# Outsourcing Woodworking



## woodworker33 (Mar 11, 2014)

I handcraft small home decor wood products and recently my business is starting to grow but I'm finding myself hard to keep up with the demand. I am in Los Angeles, I was wondering if someone can recommend a CNC or hand woodworking place that I can outsource some of my work to. I'd prefer a local place, but also consider places within the US.

Thanks in advance!


----------



## ArlinEastman (May 22, 2011)

Just want kind of work are your requiring? I think these guys would want to know.

I do not do any flat work just turning which is wonderful to do.


----------



## JAAune (Jan 22, 2012)

My company does CNC and laser work for other woodshops (mostly guitar parts at the moment) but we're located far away in Illinois.
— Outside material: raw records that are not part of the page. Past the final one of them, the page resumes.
lemma IF_error_le_remainder:
  "norm (fy - f_IF d1 d2 lam Kf X Y n z fz y) \<le>
     (2 * \<beta> * (norm (Kf (X (n + 1))))\<^sup>2 * norm (fy - fz)
      + \<xi> * (norm (fy - fz))\<^sup>2 * (\<Sum>i=1..n + 1. norm (Kf (X i)) ^ 3)) / (2 * lam * real (n + 1))"
proof -
  define K where "K = Kf (X (n + 1))"
  define N where "N = real (n + 1)"
  define T where "T = (\<Sum>i=1..n + 1. norm (Kf (X i)) ^ 3)"
  define u0 where "u0 = ev Kf fz (X (n + 1))"
  define u1 where "u1 = ev Kf fy (X (n + 1))"
  define D where "D = fy - fz"
  define R where "R = grad d1 lam Kf X Y n z fy - grad d1 lam Kf X Y n z fz - hess d2 lam Kf X Y n z fz D"
  define e where "e = fy - f_IF d1 d2 lam Kf X Y n z fz y"
  have "0 < N" by (simp add: N_def)
  have "0 \<le> \<beta>" using lipschitz_on_nonneg[OF d1_lipschitz[OF z_in]] .
  have lip: "\<bar>d1 w u1 - d1 w u0\<bar> \<le> \<beta> * \<bar>u1 - u0\<bar>" if "w \<in> \<Y>" for w
    using lipschitz_onD[OF d1_lipschitz[OF that]] by (simp add: dist_real_def)
  have "u1 - u0 = inner D K"
    by (simp add: u1_def u0_def D_def K_def ev_def inner_diff_left)
  then have "\<bar>u1 - u0\<bar> \<le> norm D * norm K"
    using Cauchy_Schwarz_ineq2[of D K] by simp
  then have "\<beta> * \<bar>u1 - u0\<bar> \<le> \<beta> * (norm D * norm K)"
    using \<open>0 \<le> \<beta>\<close> by (rule mult_left_mono)
  then have "\<bar>d1 z u1 - d1 z u0 - (d1 y u1 - d1 y u0)\<bar> / N * norm K
      \<le> 2 * \<beta> * norm D * norm K / N * norm K"
    using lip[OF z_in] lip[OF y_in] \<open>0 < N\<close> by (intro mult_right_mono divide_right_mono) auto
  moreover have "norm R \<le> \<xi> / N * (norm D)\<^sup>2 * T"
    unfolding R_def D_def N_def T_def
    by (rule norm_grad_taylor_remainder_le[OF _ xi_nonneg]) (use d1_taylor aug_label_in z_in in auto)
  moreover have "2 * lam * norm e \<le> \<bar>d1 z u1 - d1 z u0 - (d1 y u1 - d1 y u0)\<bar> / N * norm K + norm R"
  proof -
    have "2 * lam * norm e \<le> norm (hess d2 lam Kf X Y n z fz e)" by (rule hess_fz_coercive)
    also have "hess d2 lam Kf X Y n z fz e = ((d1 z u1 - d1 z u0 - (d1 y u1 - d1 y u0)) / N) *\<^sub>R K - R"
      unfolding e_def hess_IF_error_eq R_def D_def u0_def u1_def K_def N_def ..
    also have "norm \<dots> \<le> \<bar>d1 z u1 - d1 z u0 - (d1 y u1 - d1 y u0)\<bar> / N * norm K + norm R"
      using \<open>0 < N\<close> by (intro order_trans[OF norm_triangle_ineq4]) simp
    finally show ?thesis .
  qed
  ultimately have "2 * lam * norm e \<le> (2 * \<beta> * (norm K)\<^sup>2 * norm D + \<xi> * (norm D)\<^sup>2 * T) / N"
    by (simp add: add_divide_distrib power2_eq_square mult_ac)
  then show ?thesis
    using lam_pos \<open>0 < N\<close> unfolding e_def D_def K_def T_def N_def[symmetric]
    by (simp add: field_simps)
qed

lemma IF_error_le_second_order:
  defines "\<rho> \<equiv> (1 / 2) * \<bar>- d1 z (ev Kf fz (X (n + 1))) + d1 y (ev Kf fz (X (n + 1)))\<bar>"
    and "s \<equiv> norm (Kf (X (n + 1)))" and "N \<equiv> real (n + 1)"
    and "T \<equiv> \<Sum>i=1..n + 1. norm (Kf (X i)) ^ 3"
    and "\<rho>t \<equiv> (1 + (norm (Kf (X (n + 1))))\<^sup>2 * \<beta> / (lam * real (n + 1)))
      * ((1 / 2) * \<bar>- d1 z (ev Kf fz (X (n + 1))) + d1 y (ev Kf fz (X (n + 1)))\<bar>)"
  shows "norm (fy - f_IF d1 d2 lam Kf X Y n z fz y)
    \<le> s * (((\<xi> / 2) * s * ((1 / N) * T) * \<rho>t\<^sup>2 + 2 * lam * s\<^sup>2 * \<beta> * \<rho>t) / (lam ^ 3 * N\<^sup>2))"
proof -
  define d where "d = norm (fy - fz)"
  define d_max where "d_max = \<rho> * s / (lam * N)"
  have "0 < N" by (simp add: N_def)
  have "0 \<le> \<beta>" using lipschitz_on_nonneg[OF d1_lipschitz[OF z_in]] .
  have "0 \<le> T" by (simp add: T_def sum_nonneg)
  have "0 \<le> \<rho>" by (simp add: \<rho>_def)
  have "0 \<le> s\<^sup>2 * \<beta> / (lam * N)"
    using \<open>0 \<le> \<beta>\<close> lam_pos \<open>0 < N\<close> by simp
  then have "1 * \<rho> \<le> (1 + s\<^sup>2 * \<beta> / (lam * N)) * \<rho>"
    using \<open>0 \<le> \<rho>\<close> by (intro mult_right_mono) auto
  then have "\<rho> \<le> \<rho>t"
    by (simp add: \<rho>t_def \<rho>_def s_def N_def)
  have "d \<le> d_max"
    using norm_fy_minus_fz_le lam_pos by (simp add: d_def d_max_def \<rho>_def s_def N_def field_simps)
  have "norm (fy - f_IF d1 d2 lam Kf X Y n z fz y) \<le> (2 * \<beta> * s\<^sup>2 * d + \<xi> * d\<^sup>2 * T) / (2 * lam * N)"
    using IF_error_le_remainder by (simp add: d_def s_def T_def N_def)
  also have "\<dots> \<le> (2 * \<beta> * s\<^sup>2 * d_max + \<xi> * d_max\<^sup>2 * T) / (2 * lam * N)"
    using \<open>d \<le> d_max\<close> \<open>0 \<le> \<beta>\<close> \<open>0 \<le> T\<close> xi_nonneg lam_pos \<open>0 < N\<close>
    by (intro divide_right_mono add_mono mult_left_mono mult_right_mono power_mono)
      (auto simp: d_def)
  also have "\<dots> = s * (((\<xi> / 2) * s * ((1 / N) * T) * \<rho>\<^sup>2 + lam * s\<^sup>2 * \<beta> * \<rho>) / (lam ^ 3 * N\<^sup>2))"
    using lam_pos \<open>0 < N\<close> by (simp add: d_max_def field_simps power2_eq_square power3_eq_cube)
  also have "\<dots> \<le> s * (((\<xi> / 2) * s * ((1 / N) * T) * \<rho>t\<^sup>2 + 2 * lam * s\<^sup>2 * \<beta> * \<rho>t) / (lam ^ 3 * N\<^sup>2))"
    using \<open>0 \<le> \<rho>\<close> \<open>\<rho> \<le> \<rho>t\<close> \<open>0 \<le> \<beta>\<close> \<open>0 \<le> T\<close> xi_nonneg lam_pos \<open>0 < N\<close>
    by (intro mult_left_mono divide_right_mono add_mono mult_mono power_mono) (auto simp: s_def)
  finally show ?thesis .
qed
I'm sure there are others doing the same in California but I wouldn't know who they are.

Check 100Kgarages.com and see if any wood fab shops come up in your area. Alternatively, contact ShopBot, Universal Laser and Epilog to see if they can forward you to shops that might do the work you need.


----------



## DLCW (Feb 18, 2011)

woodworker33,

I do this type of work all the time for other businesses. What type of cutting/milling/machining are you looking to have done?

i am located in northeastern WA state. I can set up very reasonable shipping if the quantities are there.

Don


----------